2002 STOCK INCENTIVE PLAN
(as amended and restated effective October 12, 2005)

2009 NON-QUALIFIED STOCK OPTION AWARD AGREEMENT (SPECIAL GRANT)

     1.  Grant of Option . This Non-qualified Stock Option Award Agreement (the “Award Agreement”), made as of July 9, 2009, serves to notify you that the Governance and Compensation Committee (the “Committee”) of the Board of Directors of Paychex, Inc. (the “Company”) hereby grants to you, under the Company’s 2002 Stock Incentive Plan, as amended and restated effective October 12, 2005 (the “Plan”), a Non-Qualified Stock Option (the “Option”) to purchase, on the terms and conditions set forth in this Award Agreement and the Plan, up to the number of shares of the Company’s $.01 par value common stock (the “Common Stock”) set forth on the attached statement at the price of $31.95 per share. The Plan is incorporated herein by reference and made a part of this Award Agreement. You may obtain a copy of the Plan from the Office of the Corporate Secretary. You should review the terms of this Award Agreement and the Plan carefully. The capitalized terms used in this Award Agreement are defined in the Plan.

     2.  Term . Unless the Option is previously terminated pursuant to the terms of this Award Agreement or the Plan, the Option will expire at the close of business on July 9, 2018 (the “Expiration Date”).

     3.  Vesting . Subject to the terms set forth in this Award Agreement and the Plan, the Option will become exercisable with respect to one-fifth of the shares subject to such Option on each of July 10, 2009; July 10, 2010; July 10, 2011; July 10, 2012 and July 10, 2013; with any fractional share resulting from such pro-ration vesting on July 10, 2013. Vesting is contingent on your continued employment with the Company or one of its affiliates through the vesting dates.

     4.  Exercise .

          (a) Method of Exercise . To the extent exercisable under Section 3 of this Award Agreement, the Option may be exercised in whole or in part, provided that the Option may not be exercised for less than one share of Common Stock in any single transaction. The Option may be exercised using a method specified by the Company.

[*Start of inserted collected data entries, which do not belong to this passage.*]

(* Let $|p|<1$, $|P|<1$, let $n\ge0$ be an integer, and let $a,b,c,q,r,s,t$ and $A,B,C,Q,R,S,T$ be nonzero complex numbers such that all expressions below are well defined. For a tuple $\pi=(a,b,c;q,r,s,t;p)$ define, for integers $k\ge 0$, \begin{align*} \mu_k(\pi)&=\frac{\theta\big(a(rst/q)^k,\,br^kq^{-k},\,cs^kq^{-k},\,at^k/(bcq^k);p\big)}{\theta(a,b,c,a/(bc);p)}\cdot\frac{(a;rst/q^2,p)_k(b;r,p)_k(c;s,p)_k(a/(bc);t,p)_k}{(q;q,p)_k(ast/(bq);st/q,p)_k(art/(cq);rt/q,p)_k(bcrs/q;rs/q,p)_k},\\ \Psi_n(\pi)&=\frac{(arst/q^2;rst/q^2,p)_n(br;r,p)_n(cs;s,p)_n(at/(bc);t,p)_n}{(q;q,p)_n(ast/(bq);st/q,p)_n(art/(cq);rt/q,p)_n(bcrs/q;rs/q,p)_n},\\ \rho_{n,k}(\pi)&=\frac{(q^{-n};q,p)_k\,(b(q/st)^n/a;st/q,p)_k\,(c(q/rt)^n/a;rt/q,p)_k\,((q/rs)^n/(bc);rs/q,p)_k}{((q^2/rst)^n/a;rst/q^2,p)_k\,(r^{-n}/b;r,p)_k\,(s^{-n}/c;s,p)_k\,(bc/(at^n);t,p)_k}. \end{align*} With $\pi=(a,b,c;q,r,s,t;p)$ and $\Pi=(A,B,C;Q,R,S,T;P)$, $$\sum_{k=0}^n\mu_k(\pi)\,\rho_{n,k}(\Pi)\,q^k=\frac{\Psi_n(\pi)}{\Psi_n(\Pi)}\sum_{k=0}^n\mu_k(\Pi)\,\rho_{n,k}(\pi)\,Q^k.$$
   Context: For $|p|<1$ and $x\neq 0$, $\theta(x;p)=(x;p)_\infty(p/x;p)_\infty$ where $(x;p)_\infty=\prod_{k\ge 0}(1-xp^k)$, and $\theta(x_1,\dots,x_m;p)=\prod_{i=1}^m\theta(x_i;p)$. For $a\ne0$ and integer $k\ge0$, $(a;q,p)_k=\prod_{j=0}^{k-1}\theta(aq^j;p)$ (empty product $=1$). In $\mu_k(\Pi),\Psi_n(\Pi),\rho_{n,k}(\Pi)$ every lowercase letter is replaced by the corresponding uppercase letter (including $p\mapsto P$, $q\mapsto Q$). Notation such as $(q/st)^n$ means $(q/(st))^n$. *)

theory Defs
  imports "HOL-Analysis.Analysis"
begin

definition qpinf :: "complex \<Rightarrow> complex \<Rightarrow> complex" where
  "qpinf x p = (\<Prod>k. 1 - x * p ^ k)"

definition theta :: "complex \<Rightarrow> complex \<Rightarrow> complex" where
  "theta x p = qpinf x p * qpinf (p / x) p"

definition ellpoch :: "complex \<Rightarrow> complex \<Rightarrow> complex \<Rightarrow> nat \<Rightarrow> complex" where
  "ellpoch a q p k = (\<Prod>j<k. theta (a * q ^ j) p)"

definition mu_num :: "complex \<Rightarrow> complex \<Rightarrow> complex \<Rightarrow> complex \<Rightarrow> complex \<Rightarrow> complex \<Rightarrow> complex \<Rightarrow> complex \<Rightarrow> nat \<Rightarrow> complex" where
  "mu_num a b c q r s t p k =
     theta (a * (r * s * t/q) ^ k) p * theta (b * r ^ k / q ^ k) p * theta (c * s ^ k / q ^ k) p
     * theta (a * t ^ k / (b * c * q ^ k)) p
     * ellpoch a (r * s * t/q^2) p k * ellpoch b r p k * ellpoch c s p k * ellpoch (a/(b * c)) t p k"

definition mu_den :: "complex \<Rightarrow> complex \<Rightarrow> complex \<Rightarrow> complex \<Rightarrow> complex \<Rightarrow> complex \<Rightarrow> complex \<Rightarrow> complex \<Rightarrow> nat \<Rightarrow> complex" where
  "mu_den a b c q r s t p k =
     theta a p * theta b p * theta c p * theta (a/(b * c)) p
     * ellpoch q q p k * ellpoch (a * s * t/(b * q)) (s * t/q) p k * ellpoch (a * r * t/(c * q)) (r * t/q) p k
     * ellpoch (b * c * r * s/q) (r * s/q) p k"

definition mu :: "complex \<Rightarrow> complex \<Rightarrow> complex \<Rightarrow> complex \<Rightarrow> complex \<Rightarrow> complex \<Rightarrow> complex \<Rightarrow> complex \<Rightarrow> nat \<Rightarrow> complex" where
  "mu a b c q r s t p k = mu_num a b c q r s t p k / mu_den a b c q r s t p k"

definition Psi_num :: "complex \<Rightarrow> complex \<Rightarrow> complex \<Rightarrow> complex \<Rightarrow> complex \<Rightarrow> complex \<Rightarrow> complex \<Rightarrow> complex \<Rightarrow> nat \<Rightarrow> complex" where
  "Psi_num a b c q r s t p n =
     ellpoch (a * r * s * t/q^2) (r * s * t/q^2) p n * ellpoch (b * r) r p n * ellpoch (c * s) s p n
     * ellpoch (a * t/(b * c)) t p n"

definition Psi_den :: "complex \<Rightarrow> complex \<Rightarrow> complex \<Rightarrow> complex \<Rightarrow> complex \<Rightarrow> complex \<Rightarrow> complex \<Rightarrow> complex \<Rightarrow> nat \<Rightarrow> complex" where
  "Psi_den a b c q r s t p n =
     ellpoch q q p n * ellpoch (a * s * t/(b * q)) (s * t/q) p n * ellpoch (a * r * t/(c * q)) (r * t/q) p n
     * ellpoch (b * c * r * s/q) (r * s/q) p n"

definition Psi :: "complex \<Rightarrow> complex \<Rightarrow> complex \<Rightarrow> complex \<Rightarrow> complex \<Rightarrow> complex \<Rightarrow> complex \<Rightarrow> complex \<Rightarrow> nat \<Rightarrow> complex" where
  "Psi a b c q r s t p n = Psi_num a b c q r s t p n / Psi_den a b c q r s t p n"

definition rho_num :: "complex \<Rightarrow> complex \<Rightarrow> complex \<Rightarrow> complex \<Rightarrow> complex \<Rightarrow> complex \<Rightarrow> complex \<Rightarrow> complex \<Rightarrow> nat \<Rightarrow> nat \<Rightarrow> complex" where
  "rho_num a b c q r s t p n k =
     ellpoch (1 / q ^ n) q p k * ellpoch (b * (q/(s * t)) ^ n / a) (s * t/q) p k
     * ellpoch (c * (q/(r * t)) ^ n / a) (r * t/q) p k * ellpoch ((q/(r * s)) ^ n / (b * c)) (r * s/q) p k"

definition rho_den :: "complex \<Rightarrow> complex \<Rightarrow> complex \<Rightarrow> complex \<Rightarrow> complex \<Rightarrow> complex \<Rightarrow> complex \<Rightarrow> complex \<Rightarrow> nat \<Rightarrow> nat \<Rightarrow> complex" where
  "rho_den a b c q r s t p n k =
     ellpoch ((q^2/(r * s * t)) ^ n / a) (r * s * t/q^2) p k * ellpoch (1 / (r ^ n * b)) r p k
     * ellpoch (1 / (s ^ n * c)) s p k * ellpoch (b * c/(a * t ^ n)) t p k"

definition rho :: "complex \<Rightarrow> complex \<Rightarrow> complex \<Rightarrow> complex \<Rightarrow> complex \<Rightarrow> complex \<Rightarrow> complex \<Rightarrow> complex \<Rightarrow> nat \<Rightarrow> nat \<Rightarrow> complex" where
  "rho a b c q r s t p n k = rho_num a b c q r s t p n k / rho_den a b c q r s t p n k"

definition well_defined :: "complex \<Rightarrow> complex \<Rightarrow> complex \<Rightarrow> complex \<Rightarrow> complex \<Rightarrow> complex \<Rightarrow> complex \<Rightarrow> complex \<Rightarrow> nat \<Rightarrow> bool" where
  "well_defined a b c q r s t p n \<longleftrightarrow>
     (\<forall>k\<le>n. mu_den a b c q r s t p k \<noteq> 0 \<and> rho_den a b c q r s t p n k \<noteq> 0)
     \<and> Psi_den a b c q r s t p n \<noteq> 0"

end

(* The partial sums of mu_k q^k telescope to Psi: Psi_(j+1) - Psi_j = mu_(j+1) q^(j+1), because
   after cancelling the common elliptic shifted factorials the difference is Weierstrass's
   four-term identity
     theta(xy) theta(x/y) theta(uv) theta(u/v) - theta(xv) theta(x/v) theta(uy) theta(u/y)
       = (u/y) theta(yv) theta(y/v) theta(xu) theta(x/u).
   Reversing the order of the factors in each elliptic shifted factorial gives
   Psi_n rho_(n,k) = Psi_(n-k).  Hence, with x_k = mu_k(pi) q^k and y_k = mu_k(Pi) Q^k, both sides
   of the identity equal the sum of x_j y_k over j + k <= n, divided by Psi_n(Pi).

   The addition formula is proved analytically.  As functions of x, both sides satisfy
   f(px) = f(x) / x^2, and the left side vanishes at the zeros of theta(xu) theta(x/u), which are
   simple for generic u.  Their quotient is thus holomorphic on C - {0} and invariant under
   x -> px, so it is bounded (its values are attained on the annulus |p| <= |x| <= 1) and constant
   by Liouville's theorem; it vanishes at x = y.  Continuity in u removes the genericity. *)

theory Submission
  imports Defs "HOL-Complex_Analysis.Complex_Analysis"
begin

section \<open>Holomorphic functions with a multiplicative quasi-period\<close>

lemma powi_mult_invariant:
  fixes p x :: "'a :: field"
  assumes "p \<noteq> 0" and "\<And>z. z \<noteq> 0 \<Longrightarrow> P (p * z) \<longleftrightarrow> P z" and "x \<noteq> 0"
  shows "P (p powi k * x) \<longleftrightarrow> P x"
proof (induction k rule: int_induct[where k = 0])
  case (step1 i)
  have "p powi (i + 1) * x = p * (p powi i * x)"
    using assms(1) by (simp add: power_int_add_1' mult.assoc)
  then show ?case
    using assms step1 by (metis mult_eq_0_iff power_int_eq_0_iff)
next
  case (step2 i)
  have "p powi i * x = p * (p powi (i - 1) * x)"
    using assms(1) power_int_minus_mult[of p i] by (simp add: mult_ac)
  then show ?case
    using assms step2 by (metis mult_eq_0_iff power_int_eq_0_iff)
qed simp

lemma deriv_scaling_at_zero:
  fixes F g :: "complex \<Rightarrow> complex"
  assumes F: "F holomorphic_on - {0}" and g: "g holomorphic_on - {0}"
    and scaling: "\<And>z. z \<noteq> 0 \<Longrightarrow> F (p * z) = g z * F z"
    and p: "p \<noteq> 0" and x: "x \<noteq> 0" and zero: "F x = 0"
  shows "p * deriv F (p * x) = g x * deriv F x"
proof -
  have dF: "(F has_field_derivative deriv F w) (at w)" if "w \<noteq> 0" for w
    using F that by (intro holomorphic_derivI[of F "- {0}"]) auto
  have dg: "(g has_field_derivative deriv g x) (at x)"
    using g x by (intro holomorphic_derivI[of g "- {0}"]) auto
  have "((\<lambda>z. F (p * z)) has_field_derivative deriv F (p * x) * p) (at x)"
    using p x by (intro DERIV_chain2[OF dF]) (auto intro!: derivative_eq_intros)
  then have "((\<lambda>z. g z * F z) has_field_derivative deriv F (p * x) * p) (at x)"
    by (rule has_field_derivative_transform_within_open[where S = "- {0}"]) (use scaling x in auto)
  moreover have "((\<lambda>z. g z * F z) has_field_derivative deriv g x * F x + g x * deriv F x) (at x)"
    using dg dF[OF x] by (auto intro!: derivative_eq_intros)
  ultimately show ?thesis
    using zero DERIV_unique by (simp add: mult.commute)
qed

lemma powi_mult_in_annulusE:
  fixes p z :: complex
  assumes p: "norm p < 1" "p \<noteq> 0" and z: "z \<noteq> 0"
  obtains k :: int where "norm p \<le> norm (p powi k * z)" "norm (p powi k * z) \<le> 1"
proof -
  define l where "l = ln (norm p)"
  define m where "m = \<lfloor>ln (norm z) / l\<rfloor>"
  have l: "l < 0"
    using p by (simp add: l_def ln_less_zero_iff)
  have "of_int m \<le> ln (norm z) / l" "ln (norm z) / l < of_int m + 1"
    unfolding m_def by linarith+
  then have "real_of_int m * l \<ge> ln (norm z)" "(real_of_int m + 1) * l < ln (norm z)"
    using l by (simp_all add: field_simps)
  then have bounds: "l \<le> ln (norm z) - m * l" "ln (norm z) - m * l \<le> 0"
    by (simp_all add: algebra_simps)
  have "norm (p powi (- m) * z) = exp l powi (- m) * exp (ln (norm z))"
    using p z by (simp add: l_def norm_mult norm_power_int)
  also have "\<dots> = exp (ln (norm z) - m * l)"
    by (simp add: exp_power_int exp_diff exp_minus field_simps)
  finally have "norm (p powi (- m) * z) = exp (ln (norm z) - m * l)" .
  moreover have "exp l = norm p"
    using p(2) by (simp add: l_def)
  ultimately show ?thesis
    using bounds by (intro that[of "- m"]) (metis exp_le_cancel_iff, simp)
qed

lemma holomorphic_mult_periodic_imp_const:
  fixes G :: "complex \<Rightarrow> complex"
  assumes p: "norm p < 1" "p \<noteq> 0" and G: "G holomorphic_on - {0}"
    and periodic: "\<And>z. z \<noteq> 0 \<Longrightarrow> G (p * z) = G z" and x: "x \<noteq> 0" and y: "y \<noteq> 0"
  shows "G x = G y"
proof -
  define A :: "complex set" where "A = cball 0 1 - ball 0 (norm p)"
  have "A \<subseteq> - {0}"
    using p(2) by (auto simp: A_def)
  moreover have "compact A"
    unfolding A_def by (intro compact_diff) auto
  ultimately have "bounded (G ` A)"
    by (intro compact_imp_bounded compact_continuous_image holomorphic_on_imp_continuous_on
        holomorphic_on_subset[OF G])
  moreover have "G z \<in> G ` A" if z: "z \<noteq> 0" for z
  proof -
    obtain k where "p powi k * z \<in> A"
      using powi_mult_in_annulusE[OF p z] by (auto simp: A_def not_less)
    moreover have "G (p powi k * z) = G z"
      using powi_mult_invariant[where P = "\<lambda>w. G w = G z", OF p(2) _ z] periodic by simp
    ultimately show ?thesis
      by (metis image_eqI)
  qed
  ultimately have "bounded (range (G \<circ> exp))"
    by (auto intro: bounded_subset)
  moreover have "(G \<circ> exp) holomorphic_on UNIV"
    by (intro holomorphic_on_compose holomorphic_on_subset[OF G] holomorphic_intros) auto
  ultimately have "(G \<circ> exp) constant_on UNIV"
    by (intro Liouville_theorem)
  then have "G (exp (Ln x)) = G (exp (Ln y))"
    unfolding constant_on_def by (metis UNIV_I comp_apply)
  then show ?thesis
    using x y by simp
qed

          (b) Payment of Exercise Price . The exercise of the Option is conditioned upon your payment to the Company of the Exercise Price for the number of shares of Common Stock that you elect to purchase. The Exercise Price may be paid in cash or by check or by way of a broker-assisted stock option exercise program, if such a program is made available by the Company at the time of the exercise of the Option.

          (c) Withholding . The exercise of the Option is conditioned upon your making arrangements satisfactory to the Company for the payment to the Company of the amount of all taxes required by any governmental authority to be withheld and paid over by the Company or

 


 

any Affiliate to the governmental authority on account of the exercise. The payment of such withholding taxes to the Company may be made (i) by you in cash or by check, or (ii) by the Company or any Affiliate withholding such taxes from any other compensation owed to you by the Company or any Affiliate. Withholding of shares of Common Stock for payment of tax withholdings is not permitted for any reason.

          (d) Issuance of Shares . Upon determining that compliance with this Award Agreement has occurred, including compliance with such reasonable requirements as the Company may impose pursuant to the Plan, the Company shall issue to you a certificate for the shares of Common Stock purchased on the earliest practicable date (as determined by the Company) thereafter.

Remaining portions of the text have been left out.